Ivica Račan of the Party of Democratic Changes led the opposition in 1990 and 1991.

The Cabinet of Franjo Gregurić formed in 1991 was a National Unity Government.

Dražen Budiša of the Croatian Social Liberal Party led the opposition between 1992 and 2000.

==2000s==

Vladimir Šeks led the Croatian Democratic Union in opposition until the election of Ivo Sanader in 2000.
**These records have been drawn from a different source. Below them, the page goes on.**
lemma subspace_deg_part: "module.subspace (fscale :: 'f::field \<Rightarrow> _) (deg_part k)"
  by (auto simp: module.subspace_def[OF module_fscale] deg_part_def fscale_def)

lemma deg_part_decomposition:
  "\<exists>!(a0, a1, a2). a0 \<in> deg_part 0 \<and> a1 \<in> deg_part 1 \<and> a2 \<in> deg_part 2 \<and>
     (a :: nat \<Rightarrow> 'f::field) = a0 + a1 + a2"
proof (rule ex1I[of _ "(deg_comp 0 a, deg_comp 1 a, deg_comp 2 a)"])
  fix t
  assume "case t of (a0, a1, a2) \<Rightarrow>
    a0 \<in> deg_part 0 \<and> a1 \<in> deg_part 1 \<and> a2 \<in> deg_part 2 \<and> a = a0 + a1 + a2"
  then obtain a0 a1 a2 where t: "t = (a0, a1, a2)"
    and parts: "a0 \<in> deg_part 0" "a1 \<in> deg_part 1" "a2 \<in> deg_part 2" "a = a0 + a1 + a2"
    by (cases t) auto
  have "n mod 3 = 0 \<or> n mod 3 = 1 \<or> n mod 3 = 2" for n :: nat by arith
  with parts have "a0 = deg_comp 0 a" "a1 = deg_comp 1 a" "a2 = deg_comp 2 a"
    by (auto simp: fun_eq_iff deg_part_def deg_comp_def)
  with t show "t = (deg_comp 0 a, deg_comp 1 a, deg_comp 2 a)" by simp
qed (auto simp: deg_part_def deg_comp_def fun_eq_iff)

lemma trunc_mult_deg_part:
  assumes "i < 3" "j < 3" "a \<in> deg_part i" "b \<in> deg_part j"
  shows "trunc_mult a b \<in> deg_part ((i + j) mod 3)"
proof -
  have a: "n mod 3 \<noteq> i \<Longrightarrow> a n = 0" and b: "n mod 3 \<noteq> j \<Longrightarrow> b n = 0" for n
    using assms by (auto simp: deg_part_def)
  have "i = 0 \<or> i = 1 \<or> i = 2" "j = 0 \<or> j = 1 \<or> j = 2" using assms by auto
  then show ?thesis
    using a[of 0] a[of 1] a[of 2] b[of 0] b[of 1] b[of 2]
    by (auto simp: deg_part_def trunc_mult_cases)
qed

lemma trunc_mult_unit_seq:
  "trunc_mult (unit_seq i) (unit_seq j) = (if i + j \<le> 2 then unit_seq (i + j) else 0)"
  by (auto simp: fun_eq_iff trunc_mult_cases unit_seq_def)

lemma Lbr_unit_seq:
  assumes "i < 3" "j < 3"
  shows "(\<Sum>k<3. fscale (Lbr q [k] [i, j]) (unit_seq k)) =
    trunc_mult (unit_seq i) (unit_seq j) - fscale (r q j i) (trunc_mult (unit_seq j) (unit_seq i))"
proof -
  have "i = 0 \<or> i = 1 \<or> i = 2" "j = 0 \<or> j = 1 \<or> j = 2" using assms by auto
  then show ?thesis
    unfolding trunc_mult_unit_seq
    by (auto simp: Lbr_eq fscale_def unit_seq_def r_def fun_eq_iff numeral_3_eq_3 lessThan_Suc)
qed

lemma braided_mLie_Lbr: "braided_mLie TYPE(nat \<Rightarrow> 'f) q (Lbr (q :: 'f::field))"
  unfolding braided_mLie_def
proof (intro exI[of _ "fscale :: 'f \<Rightarrow> _"] exI[of _ trunc_mult] exI[of _ deg_part]
    exI[of _ unit_seq] conjI allI impI ballI)
  fix a b c :: "nat \<Rightarrow> 'f" and k :: 'f
  show "trunc_mult (a + b) c = trunc_mult a c + trunc_mult b c"
    and "trunc_mult a (b + c) = trunc_mult a b + trunc_mult a c"
    and "trunc_mult (fscale k a) b = fscale k (trunc_mult a b)"
    and "trunc_mult a (fscale k b) = fscale k (trunc_mult a b)"
    and "trunc_mult (trunc_mult a b) c = trunc_mult a (trunc_mult b c)"
    by (auto simp: fun_eq_iff trunc_mult_cases fscale_def algebra_simps)
next
  fix a :: "nat \<Rightarrow> 'f"
  show "\<exists>!(a0, a1, a2). a0 \<in> deg_part 0 \<and> a1 \<in> deg_part 1 \<and> a2 \<in> deg_part 2 \<and> a = a0 + a1 + a2"
    by (rule deg_part_decomposition)
next
  fix k :: nat
  assume "k < 3"
  then show "unit_seq k \<in> (deg_part k :: (nat \<Rightarrow> 'f) set)"
    by (auto simp: unit_seq_def deg_part_def)
next
  fix c0 c1 c2 :: 'f
  assume indep: "fscale c0 (unit_seq 0) + fscale c1 (unit_seq 1) + fscale c2 (unit_seq 2) = 0"
  show "c0 = 0" "c1 = 0" "c2 = 0"
    using fun_cong[OF indep, of 0] fun_cong[OF indep, of 1] fun_cong[OF indep, of 2]
    by (simp_all add: fscale_def unit_seq_def)
qed (simp_all add: vector_space_fscale subspace_deg_part trunc_mult_deg_part Lbr_unit_seq)

theorem mainTheorem5:
  fixes q :: "'f::field"
  assumes "q ^ 3 = 1" and "q \<noteq> 1"
  shows "braided_mLie TYPE(nat \<Rightarrow> 'f) q (Lbr q)
         \<and> jacobi_braided_Lie q (Lbr q)
         \<and> \<not> strict_jacobi_braided_Lie q (Lbr q)
         \<and> \<not> (\<exists>D e. majid_braided_Lie q D e (Lbr q))"
  unfolding strict_jacobi_braided_Lie_def
  using braided_mLie_Lbr jacobi_braided_Lie_Lbr not_BAS_Lbr[OF assms] no_majid_braided_Lie_Lbr
  by blast

end
lemma gram_matrix_eq: "has_gram xs T \<Longrightarrow> gram_matrix xs = mat_of (length xs) (\<lambda>i j. of_bool (T i j))"
  unfolding has_gram_def gram_matrix_def mat_of_def by (intro map_cong refl) auto

lemma gram_lex_geI:
  assumes "set xs \<subseteq> carrier G" "\<And>i j. T i j = T j i"
    and upper: "\<And>i j. i \<le> j \<Longrightarrow> j < length xs \<Longrightarrow>
      (\<forall>i'<i. \<forall>j'<length xs. B (xs ! i') (xs ! j') = T i' j') \<Longrightarrow>
      (\<forall>j'<j. B (xs ! i) (xs ! j') = T i j') \<Longrightarrow> T i j \<Longrightarrow> B (xs ! i) (xs ! j)"
  shows "gram_lex_ge xs T"
  unfolding gram_lex_ge_def
proof (intro allI impI)
  fix i j
  assume ij: "i < length xs" "j < length xs"
    and rows: "\<forall>i'<i. \<forall>j'<length xs. B (xs ! i') (xs ! j') = T i' j'"
    and row: "\<forall>j'<j. B (xs ! i) (xs ! j') = T i j'" and "T i j"
  show "B (xs ! i) (xs ! j)"
  proof (cases "j < i")
    case True
    then show ?thesis
      using rows ij assms(1,2) \<open>T i j\<close> form_sym nth_mem by (metis subsetD)
  next
    case False
    then show ?thesis
      using upper rows row ij \<open>T i j\<close> by simp
  qed
qed

lemma gram_matrix_ge:
  assumes "gram_lex_ge xs T"
  shows "mat_of (length xs) (\<lambda>i j. of_bool (T i j)) \<le> gram_matrix xs"
  unfolding gram_matrix_def
proof (rule mat_of_le)
  fix i j
  assume ij: "i < length xs" "j < length xs"
    and rows: "\<forall>i'<i. \<forall>j'<length xs. of_bool (T i' j') = (of_bool (B (xs ! i') (xs ! j')) :: nat)"
    and row: "\<forall>j'<j. of_bool (T i j') = (of_bool (B (xs ! i) (xs ! j')) :: nat)"
  have "\<forall>i'<i. \<forall>j'<length xs. B (xs ! i') (xs ! j') = T i' j'"
    using rows by (simp add: of_bool_eq_iff)
  moreover have "\<forall>j'<j. B (xs ! i) (xs ! j') = T i j'"
    using row by (simp add: of_bool_eq_iff)
  ultimately have "T i j \<longrightarrow> B (xs ! i) (xs ! j)"
    using assms ij unfolding gram_lex_ge_def by blast
  then show "(of_bool (T i j) :: nat) \<le> of_bool (B (xs ! i) (xs ! j))"
    by simp
qed

lemma finprod_ne_one_if_every_column_pivot:
  assumes xs: "set xs \<subseteq> carrier G" "has_gram xs T" "every_column_pivot (length xs) T"
    and D: "D \<subseteq> {..<length xs}" "D \<noteq> {}"
  shows "finprod G ((!) xs) D \<noteq> \<one>"
proof -
  let ?n = "length xs"
  have fin: "finite D"
    using D(1) finite_subset by blast
  define d where "d = Max D"
  have d: "d \<in> D" "\<And>i. i \<in> D \<Longrightarrow> i \<le> d"
    using fin D(2) by (simp_all add: d_def)
  then obtain j where j: "j < ?n" "T j d" "\<And>i. i < ?n \<Longrightarrow> T j i \<Longrightarrow> d \<le> i"
    using xs(3) D(1) by (auto simp: every_column_pivot_def)
  have "i = d" if "i \<in> D" "T j i" for i
    using d(2)[OF that(1)] j(3)[OF _ that(2)] that(1) D(1) by force
  moreover have "B (xs ! j) (xs ! i) \<longleftrightarrow> T j i" if "i \<in> D" for i
    using xs(2) j(1) that D(1) by (auto simp: has_gram_def)
  ultimately have single: "{i\<in>D. B (xs ! j) (xs ! i)} = {d}"
    using d(1) j(2) by blast
  have xj: "xs ! j \<in> carrier G"
    using xs(1) j(1) nth_mem by blast
  have "(!) xs \<in> D \<rightarrow> carrier G"
    using xs(1) D(1) nth_mem by (fastforce simp: Pi_iff)
  then have "B (xs ! j) (finprod G ((!) xs) D)"
    using form_finprod[OF xj fin] by (simp add: single)
  then show ?thesis
    using xj by auto
qed
lemma leb_cfg_UN_boxes:
  assumes "finite I"
  shows "(\<Union>n::nat. PiE I (\<lambda>_. {-real n..real n})) = space (leb_cfg I)"
proof (intro equalityI subsetI)
  fix t assume t: "t \<in> space (leb_cfg I)"
  obtain n :: nat where n: "(\<Sum>e\<in>I. \<bar>t e\<bar>) \<le> real n" using real_arch_simple by blast
  have "t e \<in> {-real n..real n}" if "e \<in> I" for e
    using n member_le_sum[of e I "\<lambda>e. \<bar>t e\<bar>"] that assms by (auto simp: abs_le_iff)
  then have "t \<in> PiE I (\<lambda>_. {-real n..real n})"
    using t by (auto simp: space_leb_cfg PiE_iff)
  then show "t \<in> (\<Union>n. PiE I (\<lambda>_. {-real n..real n}))" by blast
qed (auto simp: space_leb_cfg)

lemma measurable_dilation: "dilation I r \<in> leb_cfg I \<rightarrow>\<^sub>M leb_cfg I"
  unfolding dilation_def leb_cfg_def by measurable

lemma dilation_vimage_PiE:
  assumes "r > 0"
  shows "dilation I r -` PiE I A \<inter> space (leb_cfg I) = PiE I (\<lambda>e. (\<lambda>x. r * x) -` A e)"
  using assms by (auto simp: dilation_def space_leb_cfg PiE_iff extensional_def)

lemma emeasure_lborel_mult_vimage:
  assumes "r > 0" "B \<in> sets borel"
  shows "emeasure lborel ((\<lambda>x::real. r * x) -` B) = ennreal (1/r) * emeasure lborel B"
proof -
  have "emeasure lborel ((\<lambda>x::real. r * x) -` B) = emeasure (distr lborel borel ((*) r)) B"
    using assms by (subst emeasure_distr) auto
  also have "\<dots> = ennreal (1/r) * emeasure lborel B"
    using assms by (simp add: lborel_distr_mult emeasure_density_const inverse_eq_divide)
  finally show ?thesis .
qed

lemma emeasure_leb_cfg_dilation_PiE:
  assumes "finite I" "r > 0" "\<And>e. e \<in> I \<Longrightarrow> A e \<in> sets borel"
  shows "emeasure (leb_cfg I) (dilation I r -` PiE I A \<inter> space (leb_cfg I))
           = ennreal ((1/r) ^ card I) * emeasure (leb_cfg I) (PiE I A)"
proof -
  have mult_borel: "(\<lambda>x::real. r * x) -` B \<in> sets borel" if "B \<in> sets borel" for B
    using measurable_sets[of "\<lambda>x::real. r * x" borel borel B] that by simp
  have "emeasure (leb_cfg I) (dilation I r -` PiE I A \<inter> space (leb_cfg I))
      = (\<Prod>e\<in>I. ennreal (1/r) * emeasure lborel (A e))"
    using assms by (simp add: dilation_vimage_PiE emeasure_leb_cfg_PiE mult_borel emeasure_lborel_mult_vimage)
  then show ?thesis
    using assms by (simp add: prod.distrib ennreal_power emeasure_leb_cfg_PiE)
qed

lemma emeasure_leb_cfg_dilation_vimage:
  assumes I: "finite I" and r: "r > 0" and A: "A \<in> sets (leb_cfg I)"
  shows "emeasure (leb_cfg I) (dilation I r -` A \<inter> space (leb_cfg I))
           = ennreal ((1/r) ^ card I) * emeasure (leb_cfg I) A"
proof -
  let ?P = "distr (leb_cfg I) (leb_cfg I) (dilation I r)"
  let ?Q = "density (leb_cfg I) (\<lambda>_. ennreal ((1/r) ^ card I))"
  define C where "C n = PiE I (\<lambda>_. {-real n..real n})" for n :: nat
  have "?P = ?Q"
  proof (rule measure_eqI_PiM_finite[where I=I and M="\<lambda>_. lborel"])
    show "sets ?P = sets (PiM I (\<lambda>_. lborel))" "sets ?Q = sets (PiM I (\<lambda>_. lborel))"
      by (simp_all add: leb_cfg_def)
    show "range C \<subseteq> prod_algebra I (\<lambda>_. lborel)"
      unfolding C_def using I by (auto intro!: prod_algebraI_finite)
    show "(\<Union>n. C n) = space (PiM I (\<lambda>_. lborel))"
      using leb_cfg_UN_boxes[OF I] by (simp add: C_def leb_cfg_def)
  next
    fix B :: "nat \<times> nat \<Rightarrow> real set" assume "\<And>e. e \<in> I \<Longrightarrow> B e \<in> sets lborel"
    moreover from this have "PiE I B \<in> sets (leb_cfg I)"
      unfolding leb_cfg_def using I by measurable
    ultimately show "?P (PiE I B) = ?Q (PiE I B)"
      using I r by (simp add: emeasure_distr measurable_dilation emeasure_density_const
          emeasure_leb_cfg_dilation_PiE)
  next
    fix n
    have "C n \<in> sets (leb_cfg I)" unfolding C_def leb_cfg_def using I by measurable
    then show "?P (C n) \<noteq> \<infinity>"
      using I r emeasure_leb_cfg_box_finite[OF I, of "-real n" "real n"]
      by (simp add: C_def emeasure_distr measurable_dilation emeasure_leb_cfg_dilation_PiE
          ennreal_mult_eq_top_iff power_eq_top_ennreal_iff)
  qed (use I in simp)
  then show ?thesis
    using A by (metis emeasure_distr emeasure_density_const measurable_dilation)
qed

lemma closed_space_leb_cfg: "closed (space (leb_cfg I))"
proof -
  have "space (leb_cfg I) = (\<Inter>e\<in>-I. {t. t e = undefined})"
    by (auto simp: space_leb_cfg PiE_def extensional_def)
  then show ?thesis
    by (simp add: closed_INT closed_Collect_eq)
qed

lemma measurable_leb_cfg_borel: "(\<lambda>t. t) \<in> leb_cfg I \<rightarrow>\<^sub>M borel"
proof (rule measurable_coordinatewise_then_product)
  fix e
  show "(\<lambda>t. t e) \<in> borel_measurable (leb_cfg I)"
  proof (cases "e \<in> I")
    case True
    then show ?thesis
      using measurable_component_singleton[of e I "\<lambda>_. lborel :: real measure"]
      unfolding leb_cfg_def by (simp only: measurable_cong_sets[OF refl sets_lborel])
  next
    case False
    have "(\<lambda>_. undefined) \<in> borel_measurable (leb_cfg I)"
      by (rule measurable_const) (simp only: space_borel UNIV_I)
    then show ?thesis
      by (rule measurable_cong[THEN iffD2, rotated]) (metis False PiE_arb space_leb_cfg)
  qed
qed

lemma sets_leb_cfg_subset_borel: "sets (leb_cfg I) \<subseteq> sets borel"
proof -
  have "sets (leb_cfg I) = sigma_sets (space (leb_cfg I))
     {{t \<in> space (leb_cfg I). t e \<in> A} | e A. e \<in> I \<and> A \<in> sets (lborel :: real measure)}"
    unfolding leb_cfg_def by (simp add: sets_PiM_single space_PiM)
  also have "\<dots> \<subseteq> sets borel"
  proof (rule sets.sigma_sets_subset')
    show "space (leb_cfg I) \<in> sets borel"
      by (rule borel_closed[OF closed_space_leb_cfg])
    have "{t \<in> space (leb_cfg I). t e \<in> A} \<in> sets borel" if "A \<in> sets (lborel :: real measure)" for e A
    proof -
      have "(\<lambda>t::nat \<times> nat \<Rightarrow> real. t e) -` A \<in> sets borel"
        using measurable_sets[OF borel_measurable_continuous_onI[OF continuous_on_product_coordinates]
            that[unfolded sets_lborel]]
        by simp
      moreover have "{t \<in> space (leb_cfg I). t e \<in> A} = space (leb_cfg I) \<inter> (\<lambda>t. t e) -` A"
        by blast
      ultimately show ?thesis
        using borel_closed[OF closed_space_leb_cfg] by (metis sets.Int)
    qed
    then show "{{t \<in> space (leb_cfg I). t e \<in> A} | e A. e \<in> I \<and> A \<in> sets (lborel :: real measure)}
          \<subseteq> sets borel"
      by blast
  qed
  finally show ?thesis .
qed

lemma closed_in_sets_leb_cfg:
  assumes "closed S" "S \<subseteq> space (leb_cfg I)"
  shows "S \<in> sets (leb_cfg I)"
  using measurable_sets[OF measurable_leb_cfg_borel[of I] borel_closed[OF assms(1)]] assms(2)
  by (simp add: Int_absorb2)

lemma dilation_1: "t \<in> space (leb_cfg I) \<Longrightarrow> dilation I 1 t = t"
  by (simp add: dilation_def space_leb_cfg)

lemma dilation_dilation:
  assumes "t \<in> space (leb_cfg I)" "s * r = 1"
  shows "dilation I s (dilation I r t) = t"
proof -
  have "dilation I s (dilation I r t) = restrict t I"
    unfolding dilation_def by (rule restrict_ext) (simp add: assms(2) mult.assoc[symmetric])
  then show ?thesis using assms(1) by (simp add: space_leb_cfg)
qed

lemma continuous_on_dilation: "continuous_on UNIV (\<lambda>p. dilation I (fst p) (snd p))"
proof (rule continuous_on_coordinatewise_then_product)
  fix e
  have "continuous_on UNIV (\<lambda>p :: real \<times> (nat \<times> nat \<Rightarrow> real). fst p * snd p e)"
    by (intro continuous_intros continuous_on_compose2[OF continuous_on_product_coordinates]) auto
  then show "continuous_on UNIV (\<lambda>p. dilation I (fst p) (snd p) e)"
    by (cases "e \<in> I") (simp_all add: dilation_def)
qed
Ivica Račan led the opposition between 2003 and 2007. Željka Antunović became the head of SDP after his death, until Zoran Milanović was elected.

==6th assembly of Sabor==

In the Sixth assembly of the Croatian Parliament (2007–2011), the parties in Sabor that included the opposition were:
- Social Democratic Party
- Croatian People's Party – Liberal Democrats
- Istrian Democratic Assembly
- Croatian Democratic Assembly of Slavonia and Baranja
- Croatian Party of Pensioners
- Croatian Party of Rights
- Croatian Labourists – Labour Party

The leader of the opposition was Zoran Milanović, leader of the Social Democratic Party of Croatia.

==7th assembly of Sabor==

In the Seventh assembly of the Croatian Parliament (2011–2015), the parties in Sabor that include the opposition were:
- Croatian Democratic Union
- Croatian Labourists – Labour Party
- Croatian Democratic Assembly of Slavonia and Baranja
- Independent list of Ivan Grubišić
- Croatian Citizen Party
- Croatian Party of Rights dr. Ante Starčević
- Croatian Peasant Party
- Democratic Centre

In 2011 Jadranka Kosor led the Croatian Democratic Union in opposition, until the 2012 election of Tomislav Karamarko.

==8th assembly of Sabor==

In the Eight assembly of the Croatian Parliament (2015–2016), the parties in Sabor that include the opposition are:
- Social Democratic Party
- Croatian People's Party – Liberal Democrats
- Croatian Labourists – Labour Party
- Istrian Democratic Assembly
- Croatian Party of Pensioners
- Croatian Democratic Alliance of Slavonia and Baranja
- People's Party - Reformists
- Human Blockade

Zoran Milanović led the opposition in 2016.

==9th assembly of Sabor==

In the Ninth assembly of the Croatian Parliament (2016–2020), the parties in Sabor that include the opposition are:

- Social Democratic Party
- Istrian Democratic Assembly
- Human Blockade
- Croatian Party of Pensioners
- Croatian Democratic Alliance of Slavonia and Baranja
- Bridge of Independent Lists

Zoran Milanović led the opposition until the November 2016 election of Davor Bernardić as the new leader of the Social Democratic Party.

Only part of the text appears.